* Work instruction *
Extract all lines that hold "linarith" from the records below.

* Exercise material *
lemma few_hits_imp_large_potential:
  assumes "0 < n" and st: "st \<in> set_pmf (dfs_run E n k t r (t + 2 * n + 1))"
    and few: "real (hits st) < (1 - e) * real m"
  shows "exp (real m) \<le> hit_potential (tot st) (hits st) (card (Tset st))
         \<or> restart_penalty \<le> restart_potential (tot st) (hits st) (card (Tset st))"
proof (cases "R \<le> n - card (Tset st) - hits st")
  case True
  then show ?thesis by (simp add: restart_potential_def)
next
  case False
  have I: "dfs_inv n k t st" and stopped: "dfs_stopped t st"
    using dfs_run_stopped[OF restart_in_T st] by auto
  have em: "0 < e * real m" "(1 - e) * real m = real m - e * real m"
    using e_pos m_pos by (simp_all add: algebra_simps)
  have "Tset st \<noteq> {}"
  proof
    assume "Tset st = {}"
    then have "real n < real R + real (hits st)"
      using False by simp
    moreover have "real m < real n"
      using min_degree_less[OF \<open>0 < n\<close>] by simp
    ultimately show False
      using few R_le em by linarith
  qed
  then have "tot st = t"
    using stopped I by (auto simp: dfs_stopped_def dfs_inv_def)
  then have "e / 4 * (e * real k * real m) \<le> e / 4 * real (tot st)"
    using t_eq e_pos by (intro mult_left_mono) auto
  moreover have "2 * real m \<le> e / 4 * (e * real k * real m)"
    using mult_right_mono[OF ek_ge, of "real m"] by (simp add: algebra_simps)
  ultimately have "real m \<le> e / 4 * real (tot st) - real (hits st)"
    using few em by linarith
  then have "exp (real m) \<le> exp (e / 4 * real (tot st) - real (hits st))"
    by simp
  then show ?thesis
    using few False by (simp add: hit_potential_def)
qed

lemma few_hits_prob_le:
  assumes "0 < n"
  shows "measure_pmf.prob (dfs_run E n k t r (t + 2 * n + 1)) {st. real (hits st) < (1 - e) * real m}
         \<le> 1 / restart_penalty + 1 / exp (real m)"
proof -
  let ?p = "dfs_run E n k t r (t + 2 * n + 1)"
  let ?hit = "\<lambda>x. hit_potential (tot x) (hits x) (card (Tset x))"
  let ?restart = "\<lambda>x. restart_potential (tot x) (hits x) (card (Tset x))"
  have "0 < (1 - e) * real m"
    using e_le m_pos by (intro mult_pos_pos) auto
  then have "hit_potential 0 0 n = 1"
    using R_pos by (simp add: hit_potential_def)
  then have hit: "measure_pmf.prob ?p {x. exp (real m) \<le> ?hit x} \<le> 1 / exp (real m)"
    using dfs_run_potential_le[OF hit_potential_step_le]
    by (intro measure_pmf_Markov_inequality hit_potential_nonneg) auto
  have "restart_potential 0 0 n = 1"
    using R_pos by (simp add: restart_potential_def)
  then have restart: "measure_pmf.prob ?p {x. restart_penalty \<le> ?restart x} \<le> 1 / restart_penalty"
    using dfs_run_potential_le[OF restart_potential_step_le] restart_penalty_ge_1
    by (intro measure_pmf_Markov_inequality restart_potential_nonneg) auto
  have "measure_pmf.prob ?p {st. real (hits st) < (1 - e) * real m}
      = measure_pmf.prob ?p ({st. real (hits st) < (1 - e) * real m} \<inter> set_pmf ?p)"
    by (simp add: measure_Int_set_pmf)
  also have "\<dots> \<le> measure_pmf.prob ?p ({x. exp (real m) \<le> ?hit x} \<union> {x. restart_penalty \<le> ?restart x})"
    using few_hits_imp_large_potential[OF \<open>0 < n\<close>] by (intro measure_pmf.finite_measure_mono) auto
  also have "\<dots> \<le> measure_pmf.prob ?p {x. exp (real m) \<le> ?hit x}
      + measure_pmf.prob ?p {x. restart_penalty \<le> ?restart x}"
    by (rule measure_Un_le) auto
  also have "\<dots> \<le> 1 / restart_penalty + 1 / exp (real m)"
    using hit restart by simp
  finally show ?thesis .
qed

end

lemma dfs_few_hits_prob_le:
  fixes E :: "nat \<Rightarrow> nat \<Rightarrow> bool" and r :: "dfs_state \<Rightarrow> nat" and n k m :: nat and e :: real
  defines "t \<equiv> nat \<lceil>e * real k * real m\<rceil>"
  assumes "simple_graph_on n E" "0 < n" "\<And>u. u < n \<Longrightarrow> m \<le> card {v. E u v}"
    and "\<And>st. Tset st \<noteq> {} \<Longrightarrow> r st \<in> Tset st"
    and e: "0 < e" "e \<le> 1/8" and k: "3 \<le> k" "8 \<le> e * e * real k" and em: "4 \<le> e * real m"
  shows "measure_pmf.prob (dfs_run E n k t r (t + 2 * n + 1)) {st. real (hits st) < (1 - e) * real m}
         \<le> 4 * 2 powr (- (e / 2 * real m)) + exp (- real m)"
proof -
  define R where "R = nat \<lfloor>e * real m / 2\<rfloor>"
  have R: "1 \<le> R" "real R \<le> e * real m / 2" "e * real m / 2 - 1 < real R"
    using em by (auto simp: R_def) linarith+
  have "4 / e \<le> real m"
    using em e by (simp add: field_simps)
  moreover have "32 \<le> 4 / e"
    using e by (simp add: field_simps)
  ultimately have "8 \<le> m"
    by linarith
  then interpret dfs_potentials n E k t r m e R
    using assms R by unfold_locales (auto simp: t_def)
  have "2 powr (e * real m / 2 - 2) \<le> 2 powr (real (R - 1))"
    using R by (intro powr_mono) auto
  also have "\<dots> \<le> restart_penalty"
    unfolding restart_penalty_def using k mult_right_mono[of 1 "real (k - 2)" "real (R - 1)"]
    by (intro powr_mono) auto
  finally have penalty: "2 powr (e * real m / 2 - 2) \<le> restart_penalty" .
  have "1 / restart_penalty \<le> 1 / 2 powr (e * real m / 2 - 2)"
    using frac_le[OF zero_le_one order_refl _ penalty] by simp
  also have "\<dots> = 4 * 2 powr (- (e / 2 * real m))"
    by (simp add: powr_diff powr_minus_divide)
  finally have "1 / restart_penalty \<le> 4 * 2 powr (- (e / 2 * real m))" .
  moreover have "1 / exp (real m) = exp (- real m)"
    by (simp add: exp_minus inverse_eq_divide)
  ultimately show ?thesis
    using few_hits_prob_le[OF \<open>0 < n\<close>] by linarith
qed

lemma dfs_many_hits_prob_ge:
  fixes E :: "nat \<Rightarrow> nat \<Rightarrow> bool" and r :: "dfs_state \<Rightarrow> nat" and n k :: nat and e :: real
  assumes "simple_graph_on n E" "0 < n" "\<And>st. Tset st \<noteq> {} \<Longrightarrow> r st \<in> Tset st"
    and e: "0 < e" "e \<le> 1/8" and k: "3 \<le> k" "8 \<le> e * e * real k"
    and em: "4 \<le> e * real (min_degree E n)"
  shows "1 - (4 * 2 powr (- (e / 2 * real (min_degree E n))) + exp (- real (min_degree E n)))
         \<le> (let m = min_degree E n; t = nat \<lceil>e * real k * real m\<rceil>
            in measure_pmf.prob (dfs_run E n k t r (t + 2 * n + 1)) {st. (1 - e) * real m \<le> real (hits st)})"
proof -
  define m where "m = min_degree E n"
  define t where "t = nat \<lceil>e * real k * real m\<rceil>"
  define p where "p = dfs_run E n k t r (t + 2 * n + 1)"
  have "\<And>u. u < n \<Longrightarrow> m \<le> card {v. E u v}"
    unfolding m_def min_degree_def by (intro Min_le) auto
  then have "measure_pmf.prob p {st. real (hits st) < (1 - e) * real m}
      \<le> 4 * 2 powr (- (e / 2 * real m)) + exp (- real m)"
    using dfs_few_hits_prob_le[OF assms(1,2) _ assms(3) e k] em by (simp add: p_def t_def m_def)
  moreover have "{st. (1 - e) * real m \<le> real (hits st)}
      = space (measure_pmf p) - {st. real (hits st) < (1 - e) * real m}"
    by auto
  then have "measure_pmf.prob p {st. (1 - e) * real m \<le> real (hits st)}
      = 1 - measure_pmf.prob p {st. real (hits st) < (1 - e) * real m}"
    by (simp only:) (rule measure_pmf.prob_compl, simp)
  ultimately show ?thesis
    by (simp only: Let_def flip: m_def t_def p_def)
qed

lemma tendsto_exp_neg_mult_0:
  fixes f :: "'a \<Rightarrow> real"
  assumes "0 < c" "filterlim f at_top F"
  shows "((\<lambda>x. exp (- (c * f x))) \<longlongrightarrow> 0) F"
proof -
  have "filterlim (\<lambda>x. c * f x) at_top F"
    using assms by (intro filterlim_tendsto_pos_mult_at_top[OF tendsto_const]) auto
  then have "filterlim (\<lambda>x. - (c * f x)) at_bot F"
    by (simp add: filterlim_uminus_at_top)
  then show ?thesis
    by (rule filterlim_compose[OF exp_at_bot])
qed

lemma tendsto_dfs_many_hits_prob:
  fixes e :: real and k :: nat and G :: "nat \<Rightarrow> nat \<Rightarrow> nat \<Rightarrow> bool" and r :: "nat \<Rightarrow> dfs_state \<Rightarrow> nat"
  assumes e: "0 < e" "e \<le> 1/8" and k: "3 \<le> k" "8 \<le> e * e * real k"
    and simple: "\<And>n. simple_graph_on n (G n)"
    and degree: "filterlim (\<lambda>n. min_degree (G n) n) at_top sequentially"
    and restart_in_T: "\<And>n st. Tset st \<noteq> {} \<Longrightarrow> r n st \<in> Tset st"
  shows "(\<lambda>n. let m = min_degree (G n) n;
                 t = nat \<lceil>e * real k * real m\<rceil>
             in measure_pmf.prob (dfs_run (G n) n k t (r n) (t + 2 * n + 1))
                  {st. (1 - e) * real m \<le> real (hits st)})
         \<longlonglongrightarrow> 1"
proof -
  define M where "M n = real (min_degree (G n) n)" for n
  define fail where "fail x = 4 * 2 powr (- (e / 2 * x)) + exp (- x)" for x :: real
  have M: "filterlim M at_top sequentially"
    unfolding M_def by (rule filterlim_compose[OF filterlim_real_sequentially degree])
  have "(\<lambda>n. 4 * exp (- ((e / 2 * ln 2) * M n)) + exp (- (1 * M n))) \<longlonglongrightarrow> 4 * 0 + 0"
    using e M by (intro tendsto_intros tendsto_exp_neg_mult_0) auto
  then have fail: "(\<lambda>n. 1 - fail (M n)) \<longlonglongrightarrow> 1"
    using tendsto_diff[OF tendsto_const, of _ 0 sequentially 1]
    by (simp add: fail_def powr_def algebra_simps)
  have "eventually (\<lambda>n. 4 / e \<le> M n \<and> 0 < n) sequentially"
    using M by (auto simp: filterlim_at_top intro: eventually_conj eventually_gt_at_top)
  then have "eventually (\<lambda>n. 1 - fail (M n) \<le> (let m = min_degree (G n) n;
                 t = nat \<lceil>e * real k * real m\<rceil>
             in measure_pmf.prob (dfs_run (G n) n k t (r n) (t + 2 * n + 1))
                  {st. (1 - e) * real m \<le> real (hits st)})) sequentially"
  proof eventually_elim
    case (elim n)
    then have "4 \<le> e * M n"
      using e by (simp add: field_simps)
    then show ?case
      using dfs_many_hits_prob_ge[OF simple _ restart_in_T e k] elim by (simp add: M_def fail_def)
  qed
  moreover have "eventually (\<lambda>n. (let m = min_degree (G n) n;
                 t = nat \<lceil>e * real k * real m\<rceil>
             in measure_pmf.prob (dfs_run (G n) n k t (r n) (t + 2 * n + 1))
                  {st. (1 - e) * real m \<le> real (hits st)}) \<le> 1) sequentially"
    by (simp add: Let_def)
  ultimately show ?thesis
    using fail by (rule tendsto_sandwich) simp
qed

theorem lemma10:
  "\<exists>\<epsilon>0>0. \<forall>\<epsilon>::real. 0 < \<epsilon> \<and> \<epsilon> < \<epsilon>0 \<longrightarrow>
     (\<exists>K::nat. \<forall>k\<ge>K.
        \<forall>(G :: nat \<Rightarrow> nat \<Rightarrow> nat \<Rightarrow> bool) (r :: nat \<Rightarrow> dfs_state \<Rightarrow> nat).
          (\<forall>n. simple_graph_on n (G n)) \<longrightarrow>
          filterlim (\<lambda>n. min_degree (G n) n) at_top sequentially \<longrightarrow>
          (\<forall>n st. Tset st \<noteq> {} \<longrightarrow> r n st \<in> Tset st) \<longrightarrow>
          ((\<lambda>n. let m = min_degree (G n) n;
                    t = nat \<lceil>\<epsilon> * real k * real m\<rceil>
                in measure_pmf.prob (dfs_run (G n) n k t (r n) (t + 2 * n + 1))
                     {st. (1 - \<epsilon>) * real m \<le> real (hits st)})
           \<longlonglongrightarrow> 1))"
proof (intro exI[of _ "1/8"] conjI allI impI)
  fix e :: real
  assume e: "0 < e \<and> e < 1/8"
  have large_k: "3 \<le> k \<and> 8 \<le> e * e * real k" if "nat \<lceil>8 / (e * e)\<rceil> + 3 \<le> k" for k :: nat
  proof -
    have "3 \<le> k" "8 / (e * e) \<le> real k"
      using that by linarith+
    then show ?thesis
      using e by (simp add: field_simps)
  qed
  show "\<exists>K::nat. \<forall>k\<ge>K. \<forall>G r. (\<forall>n. simple_graph_on n (G n)) \<longrightarrow>
          filterlim (\<lambda>n. min_degree (G n) n) at_top sequentially \<longrightarrow>
          (\<forall>n st. Tset st \<noteq> {} \<longrightarrow> r n st \<in> Tset st) \<longrightarrow>
          ((\<lambda>n. let m = min_degree (G n) n; t = nat \<lceil>e * real k * real m\<rceil>
                in measure_pmf.prob (dfs_run (G n) n k t (r n) (t + 2 * n + 1))
                     {st. (1 - e) * real m \<le> real (hits st)}) \<longlonglongrightarrow> 1)"
    using large_k e less_imp_le[of e "1/8"]
    by (intro exI[of _ "nat \<lceil>8 / (e * e)\<rceil> + 3"] allI impI tendsto_dfs_many_hits_prob) blast+
qed (simp)

end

* Finished task *
      using few R_le em by linarith
    using few em by linarith
    using em by (auto simp: R_def) linarith+
    by linarith
    using few_hits_prob_le[OF \<open>0 < n\<close>] by linarith
      using that by linarith+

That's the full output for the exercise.